[vox-tech] shell script challenge
Shawn P. Neugebauer
vox-tech@lists.lugod.org
Wed, 7 Aug 2002 21:22:55 -0700
On Wednesday 07 August 2002 08:35 pm, Micah Cowan wrote:
> GNU Linux writes:
> > On Wed, Aug 07, 2002 at 12:20:14PM -0700, Chris McKenzie wrote:
> > > I'm using cygwin and I was given the request by my boss to remove all
> > > duplicate files from the server
> > > the server is on the x: drive of the windows machine which means that
> > > cygwin saw it as /cygwin/x
> > > I forget exactly what command I ran toget checksums.txt
> > > but it is in the format
> > >
> > > <checksum> *x:<filename>
> > >
> > > The challenge is to find the duplicate checksums and print the file
> > > name of those checksums.
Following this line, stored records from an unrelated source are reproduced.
lemma valid_in_stit_rule:
  assumes "equiv W (R i)"
    and fresh: "v \<notin> labels Rs (add_mset (w, Stit i \<phi>) \<Gamma>)"
    and prem: "valid_in W R V (add_mset (i, w, v) Rs) (add_mset (w, Stit i \<phi>) (add_mset (v, \<phi>) \<Gamma>))"
  shows "valid_in W R V Rs (add_mset (w, Stit i \<phi>) \<Gamma>)"
  unfolding valid_in_def
proof (intro allI impI)
  fix I :: "nat \<Rightarrow> _" assume I: "\<forall>y. I y \<in> W"
  show "seq_sat W R V I Rs (add_mset (w, Stit i \<phi>) \<Gamma>)"
  proof (cases "sat W R V (I w) (Stit i \<phi>)")
    case False
    then obtain x where wx: "(I w, x) \<in> R i" and "\<not> sat W R V x \<phi>" by auto
    have "x \<in> W" using wx assms(1) by (auto dest: equiv_type)
    then have "seq_sat W R V (I(v := x)) (add_mset (i, w, v) Rs)
                 (add_mset (w, Stit i \<phi>) (add_mset (v, \<phi>) \<Gamma>))"
      by (rule valid_in_fun_upd[OF prem I])
    moreover have "v \<noteq> w" using fresh by auto
    ultimately have "seq_sat W R V (I(v := x)) Rs (add_mset (w, Stit i \<phi>) \<Gamma>)"
      using wx \<open>\<not> sat W R V x \<phi>\<close> by simp
    then show ?thesis by (simp only: seq_sat_fun_upd_fresh[OF fresh])
  qed simp
qed

lemma valid_in_ioa_rule:
  assumes frame: "ldm_frame m n W R" and "m \<ge> 1"
    and fresh: "v \<notin> labels Rs \<Gamma>"
    and prem: "valid_in W R V (Rs + mset (map (\<lambda>i. (i, u i, v)) [1..<Suc m])) \<Gamma>"
  shows "valid_in W R V Rs \<Gamma>"
  unfolding valid_in_def
proof (intro allI impI)
  fix I :: "nat \<Rightarrow> _" assume I: "\<forall>y. I y \<in> W"
  obtain x where "x \<in> W" and x: "\<forall>i\<in>{1..m}. (I (u i), x) \<in> R i"
    using ldm_frame_choice_cells_meet[OF frame \<open>m \<ge> 1\<close>, of "\<lambda>i. I (u i)"] I by blast
  have "((I(v := x)) (u i), (I(v := x)) v) \<in> R i" if "i \<in> {1..m}" for i
  proof (cases "u i = v")
    case True
    \<comment> \<open>the new atom is then (i, v, v), which holds by reflexivity at x\<close>
    then show ?thesis using equiv_class_self[OF ldm_frame_equiv[OF frame that] \<open>x \<in> W\<close>] by simp
  next
    case False
    then show ?thesis using x that by simp
  qed
  then have "\<forall>(i, a, b) \<in># mset (map (\<lambda>i. (i, u i, v)) [1..<Suc m]).
              ((I(v := x)) a, (I(v := x)) b) \<in> R i"
    by (auto simp del: fun_upd_apply)
  moreover have "seq_sat W R V (I(v := x)) (Rs + mset (map (\<lambda>i. (i, u i, v)) [1..<Suc m])) \<Gamma>"
    by (rule valid_in_fun_upd[OF prem I \<open>x \<in> W\<close>])
  ultimately have "seq_sat W R V (I(v := x)) Rs \<Gamma>"
    unfolding seq_sat_union_atoms by blast
  then show "seq_sat W R V I Rs \<Gamma>" by (simp only: seq_sat_fun_upd_fresh[OF fresh])
qed

lemma valid_in_pr_rule:
  assumes "equiv W (R i)" and "connected i Rs w u"
    and "valid_in W R V Rs (add_mset (w, CStit i \<phi>) (add_mset (u, \<phi>) \<Gamma>))"
  shows "valid_in W R V Rs (add_mset (w, CStit i \<phi>) \<Gamma>)"
  using assms connected_imp_rel[of W R i _ w Rs u] unfolding valid_in_def seq_sat_def by fastforce

lemma valid_in_apc_rule:
  assumes "ldm_frame m n W R" and "n > 0" and "i \<in> {1..m}"
    and "\<And>k j. k < j \<Longrightarrow> j \<le> n \<Longrightarrow> valid_in W R V (add_mset (i, ws k, ws j) Rs) \<Gamma>"
  shows "valid_in W R V Rs \<Gamma>"
  unfolding valid_in_def
proof (intro allI impI)
  fix I :: "nat \<Rightarrow> _" assume I: "\<forall>y. I y \<in> W"
  then obtain k j where "k < j" "j \<le> n" "(I (ws k), I (ws j)) \<in> R i"
    using ldm_frame_bounded_choices[OF assms(1-3), of "\<lambda>k. I (ws k)"] by blast
  with assms(4) I show "seq_sat W R V I Rs \<Gamma>" unfolding valid_in_def by auto
qed

theorem theorem4:
  fixes m n :: nat
    and Rs :: "ratom multiset" and \<Gamma> :: "('v::countable) lfm multiset"
    and W :: "'w set" and R :: "nat \<Rightarrow> ('w \<times> 'w) set"
    and V :: "'v \<Rightarrow> 'w set" and I :: "nat \<Rightarrow> 'w"
  assumes "m \<ge> 1"
    and "derivable m n Rs \<Gamma>"
    and "ldm_frame m n W R"
    and "\<forall>x. I x \<in> W"
  shows "seq_sat W R V I Rs \<Gamma>"
proof -
  have "valid_in W R V Rs \<Gamma>"
    using assms(2)
  proof (induction rule: derivable.induct)
    case ax_id show ?case by (rule valid_in_id_rule)
  next
    case r_and show ?case using r_and.IH by (rule valid_in_and_rule)
  next
    case r_or show ?case using r_or.IH by (rule valid_in_or_rule)
  next
    case r_box show ?case using r_box.hyps(1) r_box.IH by (rule valid_in_box_rule)
  next
    case r_dia show ?case using r_dia.IH by (rule valid_in_dia_rule)
  next
    case r_ioa show ?case using r_ioa.hyps(1) r_ioa.IH by (rule valid_in_ioa_rule[OF assms(3,1)])
  next
    case r_stit show ?case
      using ldm_frame_equiv[OF assms(3) r_stit.hyps(1)] r_stit.hyps(2) r_stit.IH
      by (rule valid_in_stit_rule)
  next
    case r_pr show ?case
      using ldm_frame_equiv[OF assms(3) r_pr.hyps(1)] r_pr.hyps(2) r_pr.IH
      by (rule valid_in_pr_rule)
  next
    case r_apc show ?case using r_apc.hyps(1,2) r_apc.IH by (rule valid_in_apc_rule[OF assms(3)])
  qed
  with assms(4) show ?thesis unfolding valid_in_def by blast
qed

end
This is tricky because the directories
> > > contain spaces
> >
> > md5 is a better way to go than checksums.
>
> Er... no. MD5 *is* a checksum.
his point is valid, even if the semantics are confusing:
* md5 is a cryptographic hash function. it was designed so that two inputs
would collide with incredibly small probability *and* such collisions would
be very difficult to find. md5sum uses it to produce a value that can act
as a "checksum" for a file or other input data. for most purposes, it can
be assumed that two inputs producing the same md5 "checksum" are identical.
* sum also produces a value that can act as a "checksum," but it is far
from cryptographically secure. no doubt it has a much higher probability of
collision.
the implication is that two inputs producing the same sum "checksum" have a
higher probability of actually being different than two inputs producing the
same md5 "checksum".
shawn.